THAI GREEN MASALA PASTE (TAAZA MASALA)



Thai Green Masala Paste (Taaza Masala) image

A fragrant Thai spice paste that's based on fresh cilantro/coriander leaves, mint, garlic and ginger. This paste can take the place of fresh ginger and coriander/cilantro in a recipe. A welcome addition to curry or spicy recipes.

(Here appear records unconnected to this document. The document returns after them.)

lemma initial_segment_or_gap:
  assumes "finite S" and "0 \<notin> S"
  shows "S = {1..card S} \<or> (\<exists>i\<ge>1. i \<notin> S \<and> Suc i \<in> S)"
proof (rule disjCI)
  assume no_gap: "\<not> (\<exists>i\<ge>1. i \<notin> S \<and> Suc i \<in> S)"
  have absent_above: "j \<notin> S" if "1 \<le> i" "i \<le> j" "i \<notin> S" for i j
    using that(2) by (induction j rule: dec_induct) (use that no_gap in \<open>meson le_trans\<close>)+
  have "{1..card S} \<subseteq> S"
  proof
    fix k assume k: "k \<in> {1..card S}"
    show "k \<in> S"
    proof (rule ccontr)
      assume "k \<notin> S"
      have "S \<subseteq> {1..k - 1}"
      proof
        fix x assume "x \<in> S"
        with absent_above[of k x] k \<open>k \<notin> S\<close> have "x < k" by (meson atLeastAtMost_iff leI)
        moreover from \<open>x \<in> S\<close> assms(2) have "x \<noteq> 0" by metis
        ultimately show "x \<in> {1..k - 1}" by simp
      qed
      from card_mono[OF finite_atLeastAtMost this] k show False by auto
    qed
  qed
  from card_subset_eq[OF assms(1) this] show "S = {1..card S}" by simp
qed

lemma hl_symmetrize_monomial:
  fixes t :: "'a::field"
  assumes "S \<subseteq> {1..m}"
  shows "t ^ \<Sum>{1..card S} * hl_symmetrize m t z (\<lambda>y. \<Prod>k\<in>S. y k)
       = t ^ \<Sum>S * hl_symmetrize m t z (\<lambda>y. \<Prod>k\<in>{1..card S}. y k)"
  using assms
proof (induction "\<Sum>S" arbitrary: S rule: less_induct)
  case less
  have "finite S" "0 \<notin> S"
    using less.prems by (auto intro: finite_subset)
  from initial_segment_or_gap[OF this] show ?case
  proof
    assume "S = {1..card S}"
    then show ?thesis by simp
  next
    assume "\<exists>i\<ge>1. i \<notin> S \<and> Suc i \<in> S"
    then obtain i where i: "1 \<le> i" "i \<notin> S" "Suc i \<in> S" by blast
    from i(3) less.prems have "i < m" by auto
    define S0 where "S0 = S - {Suc i}"
    define S' where "S' = insert i S0"
    have "i \<notin> S0" "Suc i \<notin> S0" "finite S0"
      using i \<open>finite S\<close> by (auto simp: S0_def)
    have S: "S = insert (Suc i) S0"
      using i by (auto simp: S0_def)
    have "card S' = card S" "\<Sum>S = Suc (\<Sum>S')"
      using \<open>i \<notin> S0\<close> \<open>Suc i \<notin> S0\<close> \<open>finite S0\<close> by (simp_all add: S S'_def)
    have "S' \<subseteq> {1..m}"
      using i(1) \<open>i < m\<close> less.prems by (auto simp: S'_def S0_def)
    have "(\<Prod>k\<in>S0. (y \<circ> transpose i (Suc i)) k) = (\<Prod>k\<in>S0. y k)" for y :: "nat \<Rightarrow> 'a"
      using \<open>i \<notin> S0\<close> \<open>Suc i \<notin> S0\<close> by (intro prod.cong) (auto simp: transpose_def)
    then have "hl_symmetrize m t z (\<lambda>y. (\<Prod>k\<in>S0. y k) * y (Suc i))
        = t * hl_symmetrize m t z (\<lambda>y. (\<Prod>k\<in>S0. y k) * y i)"
      by (rule hl_symmetrize_exchange[OF i(1) \<open>i < m\<close>])
    moreover have "(\<lambda>y :: nat \<Rightarrow> 'a. \<Prod>k\<in>S. y k) = (\<lambda>y. (\<Prod>k\<in>S0. y k) * y (Suc i))"
      "(\<lambda>y :: nat \<Rightarrow> 'a. \<Prod>k\<in>S'. y k) = (\<lambda>y. (\<Prod>k\<in>S0. y k) * y i)"
      using \<open>i \<notin> S0\<close> \<open>Suc i \<notin> S0\<close> \<open>finite S0\<close> by (simp_all add: S S'_def mult.commute)
    ultimately have exchange:
      "hl_symmetrize m t z (\<lambda>y. \<Prod>k\<in>S. y k) = t * hl_symmetrize m t z (\<lambda>y. \<Prod>k\<in>S'. y k)"
      by (simp only:)
    have "t ^ \<Sum>{1..card S} * hl_symmetrize m t z (\<lambda>y. \<Prod>k\<in>S. y k)
        = t * (t ^ \<Sum>{1..card S'} * hl_symmetrize m t z (\<lambda>y. \<Prod>k\<in>S'. y k))"
      by (simp add: exchange \<open>card S' = card S\<close> mult_ac)
    also have "\<dots> = t * (t ^ \<Sum>S' * hl_symmetrize m t z (\<lambda>y. \<Prod>k\<in>{1..card S'}. y k))"
      using less.hyps[of S'] \<open>\<Sum>S = Suc (\<Sum>S')\<close> \<open>S' \<subseteq> {1..m}\<close> by simp
    also have "\<dots> = t ^ \<Sum>S * hl_symmetrize m t z (\<lambda>y. \<Prod>k\<in>{1..card S}. y k)"
      by (simp add: \<open>card S' = card S\<close> \<open>\<Sum>S = Suc (\<Sum>S')\<close>)
    finally show ?thesis .
  qed
qed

Recipe from The Complete Asian Cookbook.

Provided by Galley Wench

Categories     Thai

Time 20m

Yield 1 cup

Number Of Ingredients 13

1 teaspoon fenugreek seeds
5 large garlic cloves
2 tablespoons fresh ginger, finely chopped
1 cup mint leaf, firmly packed
1 cup cilantro leaf, firmly packed (also known as coriander)
1/2 cup vinegar
3 teaspoons salt
3 teaspoons salt
2 teaspoons ground turmeric
1/2 teaspoon ground cloves
1 teaspoon ground cardamom
1/2 cup vegetable oil
1/4 cup sesame oil

Steps:

  • Soak fenugreek seeds in water overnight; they will swell and develop a jelly-like coating.
  • Measure 1 teaspoon of soaked seeds and put into blender jar.
  • Add garlic, ginger, mind, cilantro/coriander and vinegar.
  • Blend on high speed until very smooth.
  • Mix in salt and ground spices.
  • In small sauce pan heat oils until very hot.
  • Add in blended mixture and bring to a boil.
  • Remove from heat and allow to cool.
  • Once cooled pour into a clean jar with lid.
  • Oil should cover the top of the herbs, if not, heat additional oil and add to the jar.
  • Store in the refrigerator.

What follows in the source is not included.